Evaluating Online Travel Agencies’ Usability: What Heuristics Should We Use?

Rusu, Cristian; Rusu, Virginica; Quiñones, Daniela; Roncagliolo, Silvana; Rusu, Virginia Zaraza

doi:10.1007/978-3-319-91521-0_10

Cristian Rusu¹⁴,
Virginica Rusu¹⁵,
Daniela Quiñones¹⁴,
Silvana Roncagliolo¹⁴ &
…
Virginia Zaraza Rusu¹⁴

Part of the book series: Lecture Notes in Computer Science ((LNISA,volume 10913))

Included in the following conference series:

International Conference on Social Computing and Social Media

4146 Accesses
6 Citations

Abstract

Online travel agencies’ customers have nowadays a wide range of alternatives and are more demanding. Usability is a basic attribute in software quality. Heuristic evaluation is arguably the most popular usability inspection method, well-known and widely used. A heuristic evaluation may be performed based on generic or specific heuristics. Many sets of specific (usually domain-related) usability heuristics were published. Heuristic quality scales to validate and/or evaluate new heuristics were proposed. The paper analyzes evaluators’ perception on three sets of usability heuristics, when evaluating the same product: Nielsen’s generic heuristics, a set of cultural-oriented heuristics for e-Commerce, and a set of heuristics for smartphones applications (SMASH). We made an experiment with 38 Computer Science students, enrolled in a Human-Computer Interaction introductory course, using the online travel agency Expedia.com as case study; the web and mobile versions were evaluated. We assessed students’ perception based on a questionnaire that rates each heuristic individually (Utility, Clarity, Ease of use, Necessity of additional checklist), but also the set of heuristics as a whole (Easiness, Intention of future use, Completeness).

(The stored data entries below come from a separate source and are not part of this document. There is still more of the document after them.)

lemma meager_in_closure_of_openin:
  assumes "openin X U" "meager_in X U"
  shows "meager_in X (X closure_of U)"
proof -
  have "X closure_of U \<subseteq> U \<union> X frontier_of U"
    using assms(1) by (auto simp: frontier_of_def interior_of_openin)
  then show ?thesis
    using assms by (meson meager_in_Un meager_in_subset nowhere_dense_imp_meager_in
        nowhere_dense_in_frontier_of_openin)
qed

subsection \<open>Countably cellular spaces\<close>

lemma countably_cellular_maximal_disjoint:
  assumes "countably_cellular X" "\<And>P. P \<in> \<P> \<Longrightarrow> openin X P \<and> P \<noteq> {}"
  obtains \<C> where "\<C> \<subseteq> \<P>" "countable \<C>" "pairwise disjnt \<C>"
    "\<And>P. P \<in> \<P> \<Longrightarrow> \<exists>C\<in>\<C>. P \<inter> C \<noteq> {}"
proof -
  let ?S = "{\<C>. \<C> \<subseteq> \<P> \<and> pairwise disjnt \<C>}"
  have "\<Union>\<K> \<in> ?S" if "\<K> \<in> chains ?S" for \<K>
  proof -
    have "\<K> \<subseteq> ?S" "chain\<^sub>\<subseteq> \<K>"
      using that unfolding chains_def by auto
    then show ?thesis
      using pairwise_chain_Union[of \<K> disjnt] by auto
  qed
  then obtain \<C> where \<C>: "\<C> \<in> ?S" and max: "\<And>\<D>. \<D> \<in> ?S \<Longrightarrow> \<C> \<subseteq> \<D> \<Longrightarrow> \<D> = \<C>"
    using Zorn_Lemma[of ?S] by auto
  have "countable \<C>"
    using assms \<C> unfolding countably_cellular_def by auto
  moreover have "\<exists>C\<in>\<C>. P \<inter> C \<noteq> {}" if P: "P \<in> \<P>" for P
  proof (rule ccontr)
    assume disj: "\<not> (\<exists>C\<in>\<C>. P \<inter> C \<noteq> {})"
    then have "insert P \<C> \<in> ?S"
      using \<C> P by (auto simp: pairwise_insert disjnt_def Int_commute)
    then have "P \<in> \<C>"
      using max[of "insert P \<C>"] by auto
    with disj assms(2)[OF P] show False
      by auto
  qed
  ultimately show ?thesis
    using \<C> by (intro that) auto
qed

lemma countably_cellular_indexed_disjoint:
  assumes "countably_cellular X" "\<And>i. i \<in> I \<Longrightarrow> openin X (V i) \<and> V i \<noteq> {}"
    and "\<And>i j. i \<in> I \<Longrightarrow> j \<in> I \<Longrightarrow> i \<noteq> j \<Longrightarrow> V i \<inter> V j = {}"
  shows "countable I"
proof -
  have "inj_on V I"
  proof (rule inj_onI, rule ccontr)
    fix i j assume "i \<in> I" "j \<in> I" "V i = V j" "i \<noteq> j"
    then have "V i = {}"
      using assms(3)[of i j] by simp
    with assms(2)[of i] \<open>i \<in> I\<close> show False
      by simp
  qed
  moreover have "pairwise disjnt (V ` I)"
    using assms(3) by (auto simp: pairwise_def disjnt_def)
  then have "countable (V ` I)"
    using assms(1)[unfolded countably_cellular_def, rule_format, of "V ` I"] assms(2) by auto
  ultimately show ?thesis
    by (rule countable_image_inj_on[rotated])
qed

You have full access to this open access chapter, Download conference paper PDF

On-Line Travel Agencies’ Usability: Evaluator eXperience

Experimental Case Study of New Usability Heuristics

Smartphone Application Usability Evaluation: The Applicability of Traditional Heuristics

Keywords

1 Introduction

Usability is a basic attribute in software quality. The concept is known for decades and is still evolving. The ISO 9241-210 standard defines usability as “the extent to which a system, product or service can be used by specified users to achieve specified goals with effectiveness, efficiency and satisfaction in a specified context of use” [1].

Lewis identifies two approaches on usability evaluation: (1) summative, “measurement-based usability”, and (2) formative, “diagnostic usability” [2]. Usability evaluation methods are usually classified in two categories: (1) usability testing, based on users’ participation, and (2) inspection methods, based on experts’ judgment.

For more than two decades heuristic evaluation is arguably the most popular usability inspection method [3]. When performing a heuristic evaluation generic or specific heuristics may be used. Nielsen’s ten usability heuristics are well known, but many sets of specific (usually domain-related) usability heuristics were also published [4, 5]. The results of a heuristic evaluation depend on several factors, but at least two of them are critical: (1) evaluators’ expertise, and (2) the set of heuristics that are employed. Heuristic quality scales were proposed.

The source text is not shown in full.